DEBUG: level 966240004 leftmost page of index "xxxxx" was found
deleted or half dead
DETAIL: Deleted page found when building scankey from right sibling.
ERROR: cross page item order invariant violated for index "xxxxx"
DETAIL: Last item on page tid=(xx,xx) page lsn=xxxxxxxxxx
DEBUG: level 967745369 leftmost page of index "xxxxx" was found
deleted or half dead
DETAIL: Deleted page found when building scankey from right sibling.
DEBUG: level 967746918 leftmost page of index "xxxxx" was found
deleted or half dead
DETAIL: Deleted page found when building scankey from right sibling.
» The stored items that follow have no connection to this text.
lemma measure_PiM_le_if_slices_le:
  assumes P: "prob_space P" and IJ: "finite I" "finite J" "I \<inter> J = {}"
    and F: "F \<in> sets (PiM (I \<union> J) (\<lambda>_. P))"
    and slices: "\<And>y. y \<in> space (PiM J (\<lambda>_. P)) \<Longrightarrow>
       measure (PiM I (\<lambda>_. P)) {x \<in> space (PiM I (\<lambda>_. P)). merge I J (x, y) \<in> F} \<le> \<delta>"
  shows "measure (PiM (I \<union> J) (\<lambda>_. P)) F \<le> \<delta>"
proof -
  interpret product_sigma_finite "\<lambda>_. P"
    by (simp add: product_sigma_finite_def prob_space_imp_sigma_finite P)
  interpret QI: prob_space "PiM I (\<lambda>_. P)" by (rule prob_space_PiM) (simp add: P)
  interpret QJ: prob_space "PiM J (\<lambda>_. P)" by (rule prob_space_PiM) (simp add: P)
  interpret QIJ: prob_space "PiM (I \<union> J) (\<lambda>_. P)" by (rule prob_space_PiM) (simp add: P)
  obtain y0 where "y0 \<in> space (PiM J (\<lambda>_. P))" using QJ.not_empty by blast
  then have "0 \<le> \<delta>" using slices measure_nonneg order_trans by blast
  have slice_eq: "(\<lambda>x. merge J I (y, x)) -` F \<inter> space (PiM I (\<lambda>_. P))
      = {x \<in> space (PiM I (\<lambda>_. P)). merge I J (x, y) \<in> F}" for y
    using merge_commute[OF IJ(3), of _ y] by auto
  have "emeasure (PiM (J \<union> I) (\<lambda>_. P)) F
      = (\<integral>\<^sup>+y. emeasure (PiM I (\<lambda>_. P)) ((\<lambda>x. merge J I (y, x)) -` F \<inter> space (PiM I (\<lambda>_. P))) \<partial>PiM J (\<lambda>_. P))"
    using IJ F by (intro emeasure_fold_integral) (auto simp: Un_commute)
  also have "\<dots> \<le> (\<integral>\<^sup>+y. ennreal \<delta> \<partial>PiM J (\<lambda>_. P))"
    using slices by (intro nn_integral_mono) (simp add: slice_eq QI.emeasure_eq_measure ennreal_leI)
  also have "\<dots> = ennreal \<delta>" by (simp add: QJ.emeasure_space_1)
  finally show ?thesis
    using \<open>0 \<le> \<delta>\<close> by (simp add: Un_commute QIJ.emeasure_eq_measure)
qed

text \<open>Conditionally on the coordinates in \<open>J\<close>, on which the statistic \<open>f \<omega>\<close> depends, the fold \<open>I\<close>
  is still an i.i.d. sample; integrate the Hoeffding bound over the slices.\<close>
lemma measure_PiM_split_sample_deviation_le:
  fixes f :: "('i \<Rightarrow> 'a) \<Rightarrow> 'a \<Rightarrow> real" and b \<epsilon> :: real
  assumes P: "prob_space P" and IJ: "finite I" "finite J" "I \<inter> J = {}" "I \<noteq> {}"
    and F: "F \<in> sets (PiM (I \<union> J) (\<lambda>_. P))"
    and f_local: "\<And>\<omega> \<omega>'. \<omega> \<in> space (PiM (I \<union> J) (\<lambda>_. P)) \<Longrightarrow> \<omega>' \<in> space (PiM (I \<union> J) (\<lambda>_. P)) \<Longrightarrow>
       (\<forall>j\<in>J. \<omega> j = \<omega>' j) \<Longrightarrow> f \<omega> = f \<omega>'"
    and f_meas: "\<And>\<omega>. \<omega> \<in> space (PiM (I \<union> J) (\<lambda>_. P)) \<Longrightarrow> f \<omega> \<in> borel_measurable P"
    and f_bound: "\<And>\<omega> z. \<omega> \<in> F \<Longrightarrow> z \<in> space P \<Longrightarrow> \<bar>f \<omega> z\<bar> \<le> b"
    and deviates: "\<And>\<omega>. \<omega> \<in> F \<Longrightarrow> \<epsilon> \<le> \<bar>(\<Sum>i\<in>I. f \<omega> (\<omega> i)) / card I - (\<integral>z. f \<omega> z \<partial>P)\<bar>"
    and b: "b > 0" and \<epsilon>: "\<epsilon> > 0"
  shows "measure (PiM (I \<union> J) (\<lambda>_. P)) F \<le> 4 * b\<^sup>2 / (card I * \<epsilon>\<^sup>2)"
proof (rule measure_PiM_le_if_slices_le[OF P IJ(1-3) F])
  fix y assume y: "y \<in> space (PiM J (\<lambda>_. P))"
  let ?slice = "{x \<in> space (PiM I (\<lambda>_. P)). merge I J (x, y) \<in> F}"
  have merge_space: "merge I J (x, y) \<in> space (PiM (I \<union> J) (\<lambda>_. P))"
    if "x \<in> space (PiM I (\<lambda>_. P))" for x
    using that y by (auto simp: space_PiM PiE_def merge_def extensional_def)
  show "measure (PiM I (\<lambda>_. P)) ?slice \<le> 4 * b\<^sup>2 / (card I * \<epsilon>\<^sup>2)"
  proof (cases "?slice = {}")
    case True
    then show ?thesis by (simp only: measure_empty) simp
  next
    case False
    then obtain x1 where x1: "x1 \<in> space (PiM I (\<lambda>_. P))" "merge I J (x1, y) \<in> F" by blast
    define g where "g = f (merge I J (x1, y))"
    have f_eq: "f (merge I J (x, y)) = g" if "x \<in> space (PiM I (\<lambda>_. P))" for x
      unfolding g_def using IJ(3) by (intro f_local merge_space that x1(1)) (auto simp: merge_def)
    have g_meas: "g \<in> borel_measurable P"
      unfolding g_def by (intro f_meas merge_space x1(1))
    have "(\<lambda>x. \<Sum>i\<in>I. g (x i)) \<in> borel_measurable (PiM I (\<lambda>_. P))"
      by (intro borel_measurable_sum measurable_compose[where N=P, OF _ g_meas] measurable_component_singleton)
    then have dev_sets: "{x \<in> space (PiM I (\<lambda>_. P)). \<epsilon> \<le> \<bar>(\<Sum>i\<in>I. g (x i)) / card I - (\<integral>z. g z \<partial>P)\<bar>}
        \<in> sets (PiM I (\<lambda>_. P))"
      by measurable
    have "?slice \<subseteq> {x \<in> space (PiM I (\<lambda>_. P)). \<epsilon> \<le> \<bar>(\<Sum>i\<in>I. g (x i)) / card I - (\<integral>z. g z \<partial>P)\<bar>}"
    proof safe
      fix x assume x: "x \<in> space (PiM I (\<lambda>_. P))" "merge I J (x, y) \<in> F"
      have "(\<Sum>i\<in>I. g (merge I J (x, y) i)) = (\<Sum>i\<in>I. g (x i))"
        by (intro sum.cong) (auto simp: merge_def)
      then show "\<epsilon> \<le> \<bar>(\<Sum>i\<in>I. g (x i)) / card I - (\<integral>z. g z \<partial>P)\<bar>"
        using deviates[OF x(2)] f_eq[OF x(1)] by simp
    qed
    then have "measure (PiM I (\<lambda>_. P)) ?slice
        \<le> measure (PiM I (\<lambda>_. P)) {x \<in> space (PiM I (\<lambda>_. P)). \<epsilon> \<le> \<bar>(\<Sum>i\<in>I. g (x i)) / card I - (\<integral>z. g z \<partial>P)\<bar>}"
      using dev_sets by (intro finite_measure.finite_measure_mono prob_space.finite_measure prob_space_PiM P)
    also have "\<dots> \<le> 4 * b\<^sup>2 / (card I * \<epsilon>\<^sup>2)"
      using f_bound[OF x1(2)] by (intro measure_PiM_mean_deviation_le[OF P IJ(1,4) g_meas _ b \<epsilon>]) (simp add: g_def)
    finally show ?thesis .
  qed
qed

section \<open>The estimating function\<close>

lemma integral_of_bool_eq_measure: "(\<integral>x. of_bool (P x) \<partial>M) = measure M {x \<in> space M. P x}"
proof -
  have "(\<lambda>x. of_bool (P x) :: real) = indicator {x. P x}" by (simp add: fun_eq_iff indicator_def)
  then show ?thesis by (simp add: Int_def conj_commute)
qed

lemma measure_abs_le_bounded_density:
  fixes Z :: "'a \<Rightarrow> real"
  assumes M: "prob_space M" and Z: "Z \<in> borel_measurable M"
    and f: "f \<in> borel_measurable lborel" "\<And>t. 0 \<le> f t \<and> f t \<le> B"
    and density: "distr M lborel Z = density lborel (\<lambda>t. ennreal (f t))"
    and u: "u \<ge> 0"
  shows "measure M {x \<in> space M. \<bar>Z x\<bar> \<le> u} \<le> 2 * B * u"
proof -
  interpret prob_space M by (fact M)
  have "B \<ge> 0" using f(2) order_trans by blast
  have "{x \<in> space M. \<bar>Z x\<bar> \<le> u} = Z -` {-u..u} \<inter> space M" by auto
  then have "emeasure M {x \<in> space M. \<bar>Z x\<bar> \<le> u} = emeasure (distr M lborel Z) {-u..u}"
    using Z by (simp add: emeasure_distr measurable_cong_sets[OF refl sets_lborel])
  also have "\<dots> = (\<integral>\<^sup>+t. ennreal (f t) * indicator {-u..u} t \<partial>lborel)"
    unfolding density using f by (simp add: emeasure_density nn_integral_set_ennreal)
  also have "\<dots> \<le> (\<integral>\<^sup>+t. ennreal B * indicator {-u..u} t \<partial>lborel)"
    using f by (intro nn_integral_mono) (simp add: indicator_def ennreal_leI)
  also have "\<dots> = ennreal (2 * B * u)"
    using u \<open>B \<ge> 0\<close> by (simp add: nn_integral_cmult_indicator ennreal_mult[symmetric] mult_ac)
  finally show ?thesis
    using u \<open>B \<ge> 0\<close> by (simp add: emeasure_eq_measure)
qed

definition weighted_rule_mean :: "'x measure \<Rightarrow> ('x \<Rightarrow> real) \<Rightarrow> ('x \<Rightarrow> real) \<Rightarrow> real \<Rightarrow> real" where
  "weighted_rule_mean PX t h \<beta> = (\<integral>x. h x * rule t h \<beta> x \<partial>PX)"

lemma Psi_eq_weighted_rule_mean: "Psi PX \<kappa> lam \<beta> = weighted_rule_mean PX (tau \<kappa>) (THR \<kappa>) \<beta> - lam"
  by (simp add: Psi_def weighted_rule_mean_def rule_def)

lemma integrable_weighted_rule:
  fixes t h :: "'x \<Rightarrow> real"
  assumes "prob_space PX" "t \<in> borel_measurable PX" "h \<in> borel_measurable PX"
    and h_bound: "\<And>x. x \<in> space PX \<Longrightarrow> \<bar>h x\<bar> \<le> b"
  shows "integrable PX (\<lambda>x. h x * rule t h \<beta> x)"
proof -
  have "\<bar>h x * rule t h \<beta> x\<bar> \<le> b" if "x \<in> space PX" for x
    using h_bound[OF that] by (simp add: rule_def abs_mult order_trans[OF abs_ge_zero])
  then show ?thesis
    using assms unfolding rule_def
    by (intro finite_measure.integrable_const_bound[where B=b] prob_space.finite_measure AE_I2) auto
qed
ERROR: cross page item order invariant violated for index "xxxxx"
DETAIL: Last item on page tid=(xx,xx) page lsn=xxxxxxxxxx
Not sure if pageinspect might be able to tell anything else useful?
I'd like to find the root cause of the corruption if possible, so this
doesn't happen in other databases.
Also wanted to see if it might be a good idea to add a
CHECK_FOR_INTERRUPTS call to _bt_moveright() so if this does happen
again, at least the session would be killable. I don't have enough
background in the code to know where it's safe to add, or I'd submit a
patch.
Thanks,
James
On Fri, Aug 14, 2020 at 4:33 PM Peter Geoghegan <pg@bowt.ie> wrote:
>
> On Fri, Aug 14, 2020 at 2:03 PM PG Bug reporting form
> <noreply@postgresql.org> wrote:
> > The table has two indexes, so I decided to scan both indexes on all
> > partitions with the bt_index_check function from the amcheck extension. I
> > identified one partition where both indexes throw the following result:
> > ERROR: cross page item order invariant violated for index "xxxxx"
> > DETAIL: Last item on page tid(xx,xx) page lsn=xxxxxxxxxx
>
> This sounds very much like an index with sibling pages that are in the
> wrong order relative to each other. That's totally consistent with
> what you describe with _bt_moveright() -- circular sibling links can
> cause it to just keep going.
>
> It's possible that you'll get a better error with
> bt_index_parent_check(), which might be worth trying. But it probably
> won't give you any additional information.
>
> Note that there is DEBUG1 and DEBUG2 output from amcheck, which might
> give you a few more details. You can "set client_min_messages =
> 'debug2'" in an interactive session that runs bt_index_check() to see
> some additional context. Again, this is unlikely to make all that much
> difference.
>
> --
> Peter Geoghegan